▸ **WHAT THE TASK REQUIRES**
Among the entries, find the lines with the string "dots" and copy them.

▸ **SOURCE DATA**
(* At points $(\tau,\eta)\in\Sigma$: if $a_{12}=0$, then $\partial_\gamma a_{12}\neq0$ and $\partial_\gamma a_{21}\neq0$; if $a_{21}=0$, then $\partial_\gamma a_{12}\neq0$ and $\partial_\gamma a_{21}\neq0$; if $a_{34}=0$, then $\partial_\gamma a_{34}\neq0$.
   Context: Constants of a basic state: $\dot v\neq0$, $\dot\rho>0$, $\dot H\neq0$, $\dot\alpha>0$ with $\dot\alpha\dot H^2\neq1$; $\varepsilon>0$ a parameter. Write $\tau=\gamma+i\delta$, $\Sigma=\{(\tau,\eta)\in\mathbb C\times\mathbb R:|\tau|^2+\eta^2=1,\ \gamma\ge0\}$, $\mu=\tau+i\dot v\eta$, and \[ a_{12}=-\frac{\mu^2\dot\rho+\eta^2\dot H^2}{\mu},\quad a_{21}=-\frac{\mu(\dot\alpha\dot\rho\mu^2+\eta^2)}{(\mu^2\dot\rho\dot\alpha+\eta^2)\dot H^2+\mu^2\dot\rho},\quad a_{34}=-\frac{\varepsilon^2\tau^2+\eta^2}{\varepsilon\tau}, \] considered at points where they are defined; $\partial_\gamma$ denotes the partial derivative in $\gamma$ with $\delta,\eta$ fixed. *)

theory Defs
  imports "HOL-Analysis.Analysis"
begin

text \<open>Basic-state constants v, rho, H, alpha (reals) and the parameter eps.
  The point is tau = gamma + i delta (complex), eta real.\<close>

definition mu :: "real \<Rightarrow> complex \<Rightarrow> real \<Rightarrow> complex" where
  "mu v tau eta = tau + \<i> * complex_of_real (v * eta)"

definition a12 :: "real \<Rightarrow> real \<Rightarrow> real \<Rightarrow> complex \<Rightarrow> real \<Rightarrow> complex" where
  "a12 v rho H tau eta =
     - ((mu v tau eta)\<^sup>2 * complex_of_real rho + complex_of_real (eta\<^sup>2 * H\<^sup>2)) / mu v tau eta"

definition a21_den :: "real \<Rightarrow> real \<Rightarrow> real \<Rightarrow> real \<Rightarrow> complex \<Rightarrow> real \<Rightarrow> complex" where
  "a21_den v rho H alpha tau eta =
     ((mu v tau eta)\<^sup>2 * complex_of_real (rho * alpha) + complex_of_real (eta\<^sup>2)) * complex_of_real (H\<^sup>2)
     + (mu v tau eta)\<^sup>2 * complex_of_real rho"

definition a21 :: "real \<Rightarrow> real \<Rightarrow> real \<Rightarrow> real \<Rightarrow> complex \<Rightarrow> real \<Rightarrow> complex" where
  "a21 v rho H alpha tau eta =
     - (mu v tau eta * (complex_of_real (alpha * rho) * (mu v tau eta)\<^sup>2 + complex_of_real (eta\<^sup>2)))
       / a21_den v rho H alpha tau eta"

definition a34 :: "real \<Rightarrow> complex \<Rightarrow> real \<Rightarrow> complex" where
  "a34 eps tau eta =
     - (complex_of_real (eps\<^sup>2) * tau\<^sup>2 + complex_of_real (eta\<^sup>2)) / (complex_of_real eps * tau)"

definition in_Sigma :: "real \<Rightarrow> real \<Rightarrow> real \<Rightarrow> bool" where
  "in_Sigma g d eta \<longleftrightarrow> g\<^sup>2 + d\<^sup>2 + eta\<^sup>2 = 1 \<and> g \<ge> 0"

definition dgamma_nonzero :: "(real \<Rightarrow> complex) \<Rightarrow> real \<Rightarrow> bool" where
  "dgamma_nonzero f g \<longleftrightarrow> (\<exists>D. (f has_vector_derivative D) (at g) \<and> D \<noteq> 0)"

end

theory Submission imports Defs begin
==
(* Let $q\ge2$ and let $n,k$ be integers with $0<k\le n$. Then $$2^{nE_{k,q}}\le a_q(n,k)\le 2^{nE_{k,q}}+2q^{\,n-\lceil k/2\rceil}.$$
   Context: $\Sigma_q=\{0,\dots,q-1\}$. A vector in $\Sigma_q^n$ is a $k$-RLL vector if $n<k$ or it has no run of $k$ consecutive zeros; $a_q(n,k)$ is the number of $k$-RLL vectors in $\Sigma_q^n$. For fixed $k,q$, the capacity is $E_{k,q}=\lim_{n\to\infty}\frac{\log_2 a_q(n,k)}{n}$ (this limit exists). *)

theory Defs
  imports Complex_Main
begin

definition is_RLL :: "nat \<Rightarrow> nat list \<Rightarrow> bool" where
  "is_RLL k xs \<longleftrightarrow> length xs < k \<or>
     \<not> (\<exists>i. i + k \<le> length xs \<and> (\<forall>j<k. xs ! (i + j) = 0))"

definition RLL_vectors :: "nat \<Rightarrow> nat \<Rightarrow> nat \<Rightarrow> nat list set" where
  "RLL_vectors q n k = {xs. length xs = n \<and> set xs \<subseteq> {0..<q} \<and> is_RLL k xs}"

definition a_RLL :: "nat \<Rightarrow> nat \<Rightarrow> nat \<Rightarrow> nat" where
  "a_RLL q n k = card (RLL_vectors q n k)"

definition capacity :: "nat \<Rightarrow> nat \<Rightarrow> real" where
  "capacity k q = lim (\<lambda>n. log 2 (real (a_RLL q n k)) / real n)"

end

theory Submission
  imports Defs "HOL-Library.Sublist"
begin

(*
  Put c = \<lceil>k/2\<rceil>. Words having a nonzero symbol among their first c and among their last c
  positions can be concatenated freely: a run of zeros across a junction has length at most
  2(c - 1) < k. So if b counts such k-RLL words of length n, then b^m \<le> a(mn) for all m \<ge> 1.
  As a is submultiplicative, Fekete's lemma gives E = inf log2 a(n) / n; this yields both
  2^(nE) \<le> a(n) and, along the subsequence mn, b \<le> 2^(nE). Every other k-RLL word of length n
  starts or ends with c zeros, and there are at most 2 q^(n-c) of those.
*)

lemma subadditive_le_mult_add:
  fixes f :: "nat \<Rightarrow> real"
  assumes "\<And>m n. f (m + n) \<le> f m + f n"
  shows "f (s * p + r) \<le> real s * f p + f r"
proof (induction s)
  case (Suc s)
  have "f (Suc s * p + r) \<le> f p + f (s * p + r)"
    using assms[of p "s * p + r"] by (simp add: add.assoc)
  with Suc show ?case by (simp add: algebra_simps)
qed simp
==
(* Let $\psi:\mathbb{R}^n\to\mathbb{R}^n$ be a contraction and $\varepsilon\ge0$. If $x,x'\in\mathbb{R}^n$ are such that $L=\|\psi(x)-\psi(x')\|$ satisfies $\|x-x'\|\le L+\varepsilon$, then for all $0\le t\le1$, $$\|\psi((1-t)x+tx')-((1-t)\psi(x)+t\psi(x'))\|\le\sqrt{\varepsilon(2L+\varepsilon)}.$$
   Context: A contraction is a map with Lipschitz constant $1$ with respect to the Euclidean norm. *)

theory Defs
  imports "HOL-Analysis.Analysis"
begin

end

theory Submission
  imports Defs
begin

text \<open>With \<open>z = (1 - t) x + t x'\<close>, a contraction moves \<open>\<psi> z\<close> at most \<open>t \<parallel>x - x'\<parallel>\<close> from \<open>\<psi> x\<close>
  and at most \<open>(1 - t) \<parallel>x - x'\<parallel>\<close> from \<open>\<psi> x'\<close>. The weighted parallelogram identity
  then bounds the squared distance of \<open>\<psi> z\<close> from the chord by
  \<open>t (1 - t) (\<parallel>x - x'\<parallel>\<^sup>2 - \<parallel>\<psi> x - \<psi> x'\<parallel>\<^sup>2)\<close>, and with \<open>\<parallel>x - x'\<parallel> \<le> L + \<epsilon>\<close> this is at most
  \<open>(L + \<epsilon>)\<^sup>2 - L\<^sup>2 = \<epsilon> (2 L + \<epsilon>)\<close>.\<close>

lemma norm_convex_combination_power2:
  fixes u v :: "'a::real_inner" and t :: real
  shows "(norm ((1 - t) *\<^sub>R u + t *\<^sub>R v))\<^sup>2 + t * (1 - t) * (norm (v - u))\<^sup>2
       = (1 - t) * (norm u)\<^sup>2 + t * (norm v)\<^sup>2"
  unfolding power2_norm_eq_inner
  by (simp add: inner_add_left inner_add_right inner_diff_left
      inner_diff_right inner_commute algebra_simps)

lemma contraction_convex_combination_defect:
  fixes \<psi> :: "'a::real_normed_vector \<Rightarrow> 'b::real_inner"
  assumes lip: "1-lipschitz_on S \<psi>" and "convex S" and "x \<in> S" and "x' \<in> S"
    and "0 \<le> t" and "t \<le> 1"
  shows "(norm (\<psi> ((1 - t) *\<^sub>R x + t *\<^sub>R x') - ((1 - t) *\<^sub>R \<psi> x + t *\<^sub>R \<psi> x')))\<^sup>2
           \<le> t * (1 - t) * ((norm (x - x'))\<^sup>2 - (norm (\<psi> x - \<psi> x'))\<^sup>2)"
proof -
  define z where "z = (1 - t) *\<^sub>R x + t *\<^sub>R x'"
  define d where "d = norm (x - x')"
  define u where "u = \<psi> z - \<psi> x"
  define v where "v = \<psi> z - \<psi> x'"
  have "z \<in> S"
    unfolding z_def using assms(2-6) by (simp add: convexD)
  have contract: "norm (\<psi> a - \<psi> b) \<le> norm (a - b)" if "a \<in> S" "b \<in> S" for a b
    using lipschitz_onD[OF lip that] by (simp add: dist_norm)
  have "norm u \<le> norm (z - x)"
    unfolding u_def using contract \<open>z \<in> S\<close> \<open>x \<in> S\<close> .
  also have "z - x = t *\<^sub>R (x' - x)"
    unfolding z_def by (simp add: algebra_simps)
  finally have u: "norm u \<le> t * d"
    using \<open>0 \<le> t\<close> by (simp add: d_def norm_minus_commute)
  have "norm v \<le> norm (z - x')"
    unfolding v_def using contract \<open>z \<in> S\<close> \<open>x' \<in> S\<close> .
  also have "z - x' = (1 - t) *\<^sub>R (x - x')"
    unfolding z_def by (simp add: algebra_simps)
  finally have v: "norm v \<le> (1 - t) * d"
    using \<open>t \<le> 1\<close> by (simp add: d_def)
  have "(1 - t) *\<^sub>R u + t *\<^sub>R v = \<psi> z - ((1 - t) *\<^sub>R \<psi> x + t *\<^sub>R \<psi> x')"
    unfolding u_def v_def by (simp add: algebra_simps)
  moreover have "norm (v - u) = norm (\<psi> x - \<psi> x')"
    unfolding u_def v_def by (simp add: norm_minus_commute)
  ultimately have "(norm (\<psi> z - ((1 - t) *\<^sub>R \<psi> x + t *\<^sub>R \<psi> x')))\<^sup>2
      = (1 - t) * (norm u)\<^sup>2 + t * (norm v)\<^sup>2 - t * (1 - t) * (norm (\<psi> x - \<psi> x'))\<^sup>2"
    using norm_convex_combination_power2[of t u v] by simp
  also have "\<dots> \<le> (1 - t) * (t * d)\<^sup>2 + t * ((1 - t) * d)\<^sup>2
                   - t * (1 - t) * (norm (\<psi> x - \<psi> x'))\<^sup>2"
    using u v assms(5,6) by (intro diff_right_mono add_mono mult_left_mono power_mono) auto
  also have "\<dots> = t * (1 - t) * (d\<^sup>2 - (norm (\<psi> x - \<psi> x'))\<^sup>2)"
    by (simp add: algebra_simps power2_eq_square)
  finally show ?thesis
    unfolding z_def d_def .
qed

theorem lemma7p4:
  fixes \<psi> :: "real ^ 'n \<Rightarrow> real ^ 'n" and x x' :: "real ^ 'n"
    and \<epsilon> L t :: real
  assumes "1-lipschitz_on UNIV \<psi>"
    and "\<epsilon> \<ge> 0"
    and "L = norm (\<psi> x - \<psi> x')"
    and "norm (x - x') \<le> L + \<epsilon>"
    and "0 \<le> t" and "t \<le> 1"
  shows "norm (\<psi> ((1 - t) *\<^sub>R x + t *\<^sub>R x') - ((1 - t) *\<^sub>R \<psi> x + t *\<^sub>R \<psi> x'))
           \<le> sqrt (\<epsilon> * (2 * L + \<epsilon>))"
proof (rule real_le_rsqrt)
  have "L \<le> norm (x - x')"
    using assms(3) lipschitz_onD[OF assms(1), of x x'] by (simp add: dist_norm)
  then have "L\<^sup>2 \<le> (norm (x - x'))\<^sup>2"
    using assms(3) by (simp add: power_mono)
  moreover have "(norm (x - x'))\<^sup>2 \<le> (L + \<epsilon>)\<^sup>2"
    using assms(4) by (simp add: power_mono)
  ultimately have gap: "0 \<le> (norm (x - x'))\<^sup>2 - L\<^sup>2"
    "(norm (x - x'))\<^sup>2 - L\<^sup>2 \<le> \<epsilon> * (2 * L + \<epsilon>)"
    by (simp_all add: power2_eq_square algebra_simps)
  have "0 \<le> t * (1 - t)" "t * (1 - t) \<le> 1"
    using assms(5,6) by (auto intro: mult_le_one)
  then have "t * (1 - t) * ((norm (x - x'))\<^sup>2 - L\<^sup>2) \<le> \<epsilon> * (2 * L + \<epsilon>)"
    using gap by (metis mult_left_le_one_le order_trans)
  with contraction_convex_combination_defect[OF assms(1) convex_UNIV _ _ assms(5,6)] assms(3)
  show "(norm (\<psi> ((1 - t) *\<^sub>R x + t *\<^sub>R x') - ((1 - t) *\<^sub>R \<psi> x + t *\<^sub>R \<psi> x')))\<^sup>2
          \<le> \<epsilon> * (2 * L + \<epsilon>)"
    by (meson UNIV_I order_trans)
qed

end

▸ **RESULT OF THE TASK**
   Context: $\Sigma_q=\{0,\dots,q-1\}$. A vector in $\Sigma_q^n$ is a $k$-RLL vector if $n<k$ or it has no run of $k$ consecutive zeros; $a_q(n,k)$ is the number of $k$-RLL vectors in $\Sigma_q^n$. For fixed $k,q$, the capacity is $E_{k,q}=\lim_{n\to\infty}\frac{\log_2 a_q(n,k)}{n}$ (this limit exists). *)
  also have "\<dots> \<le> (1 - t) * (t * d)\<^sup>2 + t * ((1 - t) * d)\<^sup>2
  also have "\<dots> = t * (1 - t) * (d\<^sup>2 - (norm (\<psi> x - \<psi> x'))\<^sup>2)"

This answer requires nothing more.